→ **Supplied records**
• • •

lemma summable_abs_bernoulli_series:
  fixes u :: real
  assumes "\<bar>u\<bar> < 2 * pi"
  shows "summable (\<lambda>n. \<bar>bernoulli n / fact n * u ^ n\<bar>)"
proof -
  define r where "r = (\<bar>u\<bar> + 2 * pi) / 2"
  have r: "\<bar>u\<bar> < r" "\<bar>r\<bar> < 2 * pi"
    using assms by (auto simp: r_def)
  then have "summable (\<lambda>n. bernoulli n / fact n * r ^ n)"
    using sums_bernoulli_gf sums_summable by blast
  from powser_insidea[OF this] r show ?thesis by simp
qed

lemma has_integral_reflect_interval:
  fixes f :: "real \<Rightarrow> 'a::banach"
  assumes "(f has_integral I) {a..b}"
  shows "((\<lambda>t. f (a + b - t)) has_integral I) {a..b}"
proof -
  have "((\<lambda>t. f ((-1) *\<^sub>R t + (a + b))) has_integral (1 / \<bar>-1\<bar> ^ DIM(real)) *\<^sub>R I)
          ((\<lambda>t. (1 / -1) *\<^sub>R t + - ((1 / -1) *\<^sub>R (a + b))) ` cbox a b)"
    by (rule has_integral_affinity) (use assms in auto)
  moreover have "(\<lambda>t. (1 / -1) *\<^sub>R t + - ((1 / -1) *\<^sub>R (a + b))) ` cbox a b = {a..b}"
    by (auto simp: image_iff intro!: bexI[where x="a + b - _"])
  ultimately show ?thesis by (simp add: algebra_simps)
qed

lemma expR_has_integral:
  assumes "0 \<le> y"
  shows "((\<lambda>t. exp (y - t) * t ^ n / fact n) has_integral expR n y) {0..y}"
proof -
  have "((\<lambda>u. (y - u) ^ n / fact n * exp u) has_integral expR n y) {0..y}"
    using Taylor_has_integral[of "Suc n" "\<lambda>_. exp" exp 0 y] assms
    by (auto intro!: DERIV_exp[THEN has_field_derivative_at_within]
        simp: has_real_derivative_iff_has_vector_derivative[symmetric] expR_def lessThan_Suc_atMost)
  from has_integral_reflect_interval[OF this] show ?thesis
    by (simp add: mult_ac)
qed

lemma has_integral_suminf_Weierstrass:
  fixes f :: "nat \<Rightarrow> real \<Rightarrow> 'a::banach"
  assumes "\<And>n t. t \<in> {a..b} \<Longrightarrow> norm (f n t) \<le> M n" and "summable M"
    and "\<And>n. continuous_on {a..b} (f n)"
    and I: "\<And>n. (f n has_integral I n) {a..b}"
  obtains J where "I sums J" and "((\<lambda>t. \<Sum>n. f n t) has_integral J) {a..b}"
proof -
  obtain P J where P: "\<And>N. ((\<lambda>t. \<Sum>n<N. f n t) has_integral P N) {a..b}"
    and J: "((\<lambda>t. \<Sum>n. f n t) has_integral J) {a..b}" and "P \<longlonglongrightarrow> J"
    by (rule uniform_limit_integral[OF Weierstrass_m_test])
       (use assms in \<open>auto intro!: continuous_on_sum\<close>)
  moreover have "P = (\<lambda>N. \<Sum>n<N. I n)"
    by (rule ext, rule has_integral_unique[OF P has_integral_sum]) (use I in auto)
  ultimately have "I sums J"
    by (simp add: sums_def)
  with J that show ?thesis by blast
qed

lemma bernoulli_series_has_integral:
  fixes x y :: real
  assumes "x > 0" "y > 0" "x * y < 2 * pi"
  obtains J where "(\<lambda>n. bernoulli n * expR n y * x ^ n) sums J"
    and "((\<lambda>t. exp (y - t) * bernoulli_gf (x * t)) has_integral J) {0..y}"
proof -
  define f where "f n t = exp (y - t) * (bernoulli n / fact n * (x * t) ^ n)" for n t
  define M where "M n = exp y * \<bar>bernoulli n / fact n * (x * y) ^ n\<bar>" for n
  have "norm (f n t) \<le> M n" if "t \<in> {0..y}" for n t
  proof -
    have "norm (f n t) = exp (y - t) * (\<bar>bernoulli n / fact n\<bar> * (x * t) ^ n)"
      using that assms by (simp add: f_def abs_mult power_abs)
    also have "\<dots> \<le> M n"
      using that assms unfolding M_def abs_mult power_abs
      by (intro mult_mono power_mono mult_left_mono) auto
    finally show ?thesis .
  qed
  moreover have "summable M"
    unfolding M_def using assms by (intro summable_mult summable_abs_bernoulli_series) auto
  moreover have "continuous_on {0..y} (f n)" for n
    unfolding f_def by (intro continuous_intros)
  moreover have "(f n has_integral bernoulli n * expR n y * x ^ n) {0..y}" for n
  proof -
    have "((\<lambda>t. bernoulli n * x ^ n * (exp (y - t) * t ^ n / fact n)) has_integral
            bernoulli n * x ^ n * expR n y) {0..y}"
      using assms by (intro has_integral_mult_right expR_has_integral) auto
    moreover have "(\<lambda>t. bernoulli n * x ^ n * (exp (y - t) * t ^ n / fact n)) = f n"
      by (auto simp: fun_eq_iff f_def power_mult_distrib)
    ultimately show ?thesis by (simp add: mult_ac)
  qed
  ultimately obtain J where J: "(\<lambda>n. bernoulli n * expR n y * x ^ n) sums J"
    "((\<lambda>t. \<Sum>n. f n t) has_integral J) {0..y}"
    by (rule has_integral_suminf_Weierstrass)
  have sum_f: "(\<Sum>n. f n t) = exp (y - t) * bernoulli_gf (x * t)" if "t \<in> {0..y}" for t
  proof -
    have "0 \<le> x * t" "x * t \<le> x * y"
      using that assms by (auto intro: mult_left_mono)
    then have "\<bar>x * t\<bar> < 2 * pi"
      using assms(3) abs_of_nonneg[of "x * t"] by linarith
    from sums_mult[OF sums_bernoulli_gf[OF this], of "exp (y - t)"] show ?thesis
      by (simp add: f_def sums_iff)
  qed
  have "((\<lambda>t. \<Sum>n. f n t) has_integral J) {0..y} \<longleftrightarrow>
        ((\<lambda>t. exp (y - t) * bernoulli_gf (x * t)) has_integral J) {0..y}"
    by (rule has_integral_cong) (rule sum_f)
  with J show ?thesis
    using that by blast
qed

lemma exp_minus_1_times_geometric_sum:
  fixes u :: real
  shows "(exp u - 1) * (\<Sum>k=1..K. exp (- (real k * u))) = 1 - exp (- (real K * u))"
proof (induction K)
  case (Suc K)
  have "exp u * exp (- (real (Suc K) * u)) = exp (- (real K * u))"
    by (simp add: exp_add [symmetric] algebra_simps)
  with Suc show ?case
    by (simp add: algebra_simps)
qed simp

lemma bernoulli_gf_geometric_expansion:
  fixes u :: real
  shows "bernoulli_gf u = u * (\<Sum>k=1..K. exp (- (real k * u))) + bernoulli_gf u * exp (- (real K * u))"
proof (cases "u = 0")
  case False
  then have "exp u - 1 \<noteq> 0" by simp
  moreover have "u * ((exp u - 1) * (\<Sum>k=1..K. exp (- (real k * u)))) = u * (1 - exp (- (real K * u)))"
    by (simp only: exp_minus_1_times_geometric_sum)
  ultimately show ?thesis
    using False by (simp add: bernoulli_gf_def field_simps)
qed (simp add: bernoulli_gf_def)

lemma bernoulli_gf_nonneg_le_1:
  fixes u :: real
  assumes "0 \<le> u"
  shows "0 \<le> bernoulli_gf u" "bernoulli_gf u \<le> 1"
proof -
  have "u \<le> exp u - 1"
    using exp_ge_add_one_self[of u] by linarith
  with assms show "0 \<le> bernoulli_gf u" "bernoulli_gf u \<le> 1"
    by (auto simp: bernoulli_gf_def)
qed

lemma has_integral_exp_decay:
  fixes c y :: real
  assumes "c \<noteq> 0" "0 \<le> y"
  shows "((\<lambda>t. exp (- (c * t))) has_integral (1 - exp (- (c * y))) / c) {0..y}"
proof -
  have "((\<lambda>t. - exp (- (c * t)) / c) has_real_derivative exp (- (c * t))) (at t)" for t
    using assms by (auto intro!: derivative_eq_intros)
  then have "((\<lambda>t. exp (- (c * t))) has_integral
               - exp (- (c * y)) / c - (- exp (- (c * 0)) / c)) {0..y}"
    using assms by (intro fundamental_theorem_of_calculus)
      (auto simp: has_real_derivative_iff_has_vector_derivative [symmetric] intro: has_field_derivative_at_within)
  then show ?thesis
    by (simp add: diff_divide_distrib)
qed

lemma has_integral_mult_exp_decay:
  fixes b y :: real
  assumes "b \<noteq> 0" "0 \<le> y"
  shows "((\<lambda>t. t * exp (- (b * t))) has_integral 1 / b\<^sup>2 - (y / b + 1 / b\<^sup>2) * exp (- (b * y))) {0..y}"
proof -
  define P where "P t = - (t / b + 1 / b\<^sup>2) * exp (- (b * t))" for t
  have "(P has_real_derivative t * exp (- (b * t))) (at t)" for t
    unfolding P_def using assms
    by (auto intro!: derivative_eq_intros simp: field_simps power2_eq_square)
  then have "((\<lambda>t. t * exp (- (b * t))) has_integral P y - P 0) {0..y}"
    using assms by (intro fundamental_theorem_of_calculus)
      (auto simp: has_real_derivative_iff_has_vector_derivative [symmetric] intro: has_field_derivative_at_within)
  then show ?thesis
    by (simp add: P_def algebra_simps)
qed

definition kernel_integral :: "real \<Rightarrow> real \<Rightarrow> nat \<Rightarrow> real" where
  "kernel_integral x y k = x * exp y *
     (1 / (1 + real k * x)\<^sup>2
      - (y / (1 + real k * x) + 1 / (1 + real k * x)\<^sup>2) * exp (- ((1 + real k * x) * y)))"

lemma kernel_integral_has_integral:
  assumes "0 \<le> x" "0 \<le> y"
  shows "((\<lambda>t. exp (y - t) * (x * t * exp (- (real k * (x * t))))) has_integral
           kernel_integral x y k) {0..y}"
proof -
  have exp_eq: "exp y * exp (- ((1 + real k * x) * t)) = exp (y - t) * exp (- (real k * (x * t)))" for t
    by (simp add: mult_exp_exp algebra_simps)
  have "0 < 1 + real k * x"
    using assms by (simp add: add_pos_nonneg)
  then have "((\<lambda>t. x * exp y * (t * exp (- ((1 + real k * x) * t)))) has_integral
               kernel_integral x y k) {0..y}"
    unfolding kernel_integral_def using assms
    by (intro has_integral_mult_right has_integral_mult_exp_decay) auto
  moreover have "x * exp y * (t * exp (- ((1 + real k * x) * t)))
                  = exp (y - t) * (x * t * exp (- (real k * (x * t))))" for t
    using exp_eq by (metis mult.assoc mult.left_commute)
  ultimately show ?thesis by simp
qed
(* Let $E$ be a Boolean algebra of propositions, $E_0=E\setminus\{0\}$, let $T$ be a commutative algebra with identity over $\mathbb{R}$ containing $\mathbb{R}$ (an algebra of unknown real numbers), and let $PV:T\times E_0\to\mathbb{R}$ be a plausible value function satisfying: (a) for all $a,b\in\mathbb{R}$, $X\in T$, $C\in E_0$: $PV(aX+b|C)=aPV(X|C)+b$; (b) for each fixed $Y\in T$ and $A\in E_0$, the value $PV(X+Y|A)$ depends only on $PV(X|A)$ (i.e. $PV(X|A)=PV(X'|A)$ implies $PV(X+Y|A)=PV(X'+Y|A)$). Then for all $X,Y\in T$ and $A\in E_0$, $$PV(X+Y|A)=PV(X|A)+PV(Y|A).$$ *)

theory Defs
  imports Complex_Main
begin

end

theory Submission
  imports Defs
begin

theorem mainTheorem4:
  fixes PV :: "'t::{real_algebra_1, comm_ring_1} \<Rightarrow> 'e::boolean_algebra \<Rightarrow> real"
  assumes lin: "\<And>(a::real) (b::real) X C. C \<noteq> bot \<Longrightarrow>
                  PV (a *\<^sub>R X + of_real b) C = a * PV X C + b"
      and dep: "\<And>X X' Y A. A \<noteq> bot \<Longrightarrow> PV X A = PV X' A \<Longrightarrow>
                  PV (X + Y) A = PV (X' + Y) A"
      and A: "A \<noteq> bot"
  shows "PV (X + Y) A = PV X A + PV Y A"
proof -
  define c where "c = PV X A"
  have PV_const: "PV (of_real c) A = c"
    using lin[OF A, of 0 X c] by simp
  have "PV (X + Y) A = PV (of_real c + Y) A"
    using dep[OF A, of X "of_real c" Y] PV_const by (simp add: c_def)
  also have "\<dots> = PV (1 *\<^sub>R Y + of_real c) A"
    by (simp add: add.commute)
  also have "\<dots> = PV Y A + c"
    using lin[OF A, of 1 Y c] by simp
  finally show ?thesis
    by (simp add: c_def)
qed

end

• • •

→ **Task**
Leave out every line after the one with "from has_integral_reflect_interval[OF this]". Reproduce the material above exactly from its first line through that line.

→ **Completed task**
lemma summable_abs_bernoulli_series:
  fixes u :: real
  assumes "\<bar>u\<bar> < 2 * pi"
  shows "summable (\<lambda>n. \<bar>bernoulli n / fact n * u ^ n\<bar>)"
proof -
  define r where "r = (\<bar>u\<bar> + 2 * pi) / 2"
  have r: "\<bar>u\<bar> < r" "\<bar>r\<bar> < 2 * pi"
    using assms by (auto simp: r_def)
  then have "summable (\<lambda>n. bernoulli n / fact n * r ^ n)"
    using sums_bernoulli_gf sums_summable by blast
  from powser_insidea[OF this] r show ?thesis by simp
qed

lemma has_integral_reflect_interval:
  fixes f :: "real \<Rightarrow> 'a::banach"
  assumes "(f has_integral I) {a..b}"
  shows "((\<lambda>t. f (a + b - t)) has_integral I) {a..b}"
proof -
  have "((\<lambda>t. f ((-1) *\<^sub>R t + (a + b))) has_integral (1 / \<bar>-1\<bar> ^ DIM(real)) *\<^sub>R I)
          ((\<lambda>t. (1 / -1) *\<^sub>R t + - ((1 / -1) *\<^sub>R (a + b))) ` cbox a b)"
    by (rule has_integral_affinity) (use assms in auto)
  moreover have "(\<lambda>t. (1 / -1) *\<^sub>R t + - ((1 / -1) *\<^sub>R (a + b))) ` cbox a b = {a..b}"
    by (auto simp: image_iff intro!: bexI[where x="a + b - _"])
  ultimately show ?thesis by (simp add: algebra_simps)
qed

lemma expR_has_integral:
  assumes "0 \<le> y"
  shows "((\<lambda>t. exp (y - t) * t ^ n / fact n) has_integral expR n y) {0..y}"
proof -
  have "((\<lambda>u. (y - u) ^ n / fact n * exp u) has_integral expR n y) {0..y}"
    using Taylor_has_integral[of "Suc n" "\<lambda>_. exp" exp 0 y] assms
    by (auto intro!: DERIV_exp[THEN has_field_derivative_at_within]
        simp: has_real_derivative_iff_has_vector_derivative[symmetric] expR_def lessThan_Suc_atMost)
  from has_integral_reflect_interval[OF this] show ?thesis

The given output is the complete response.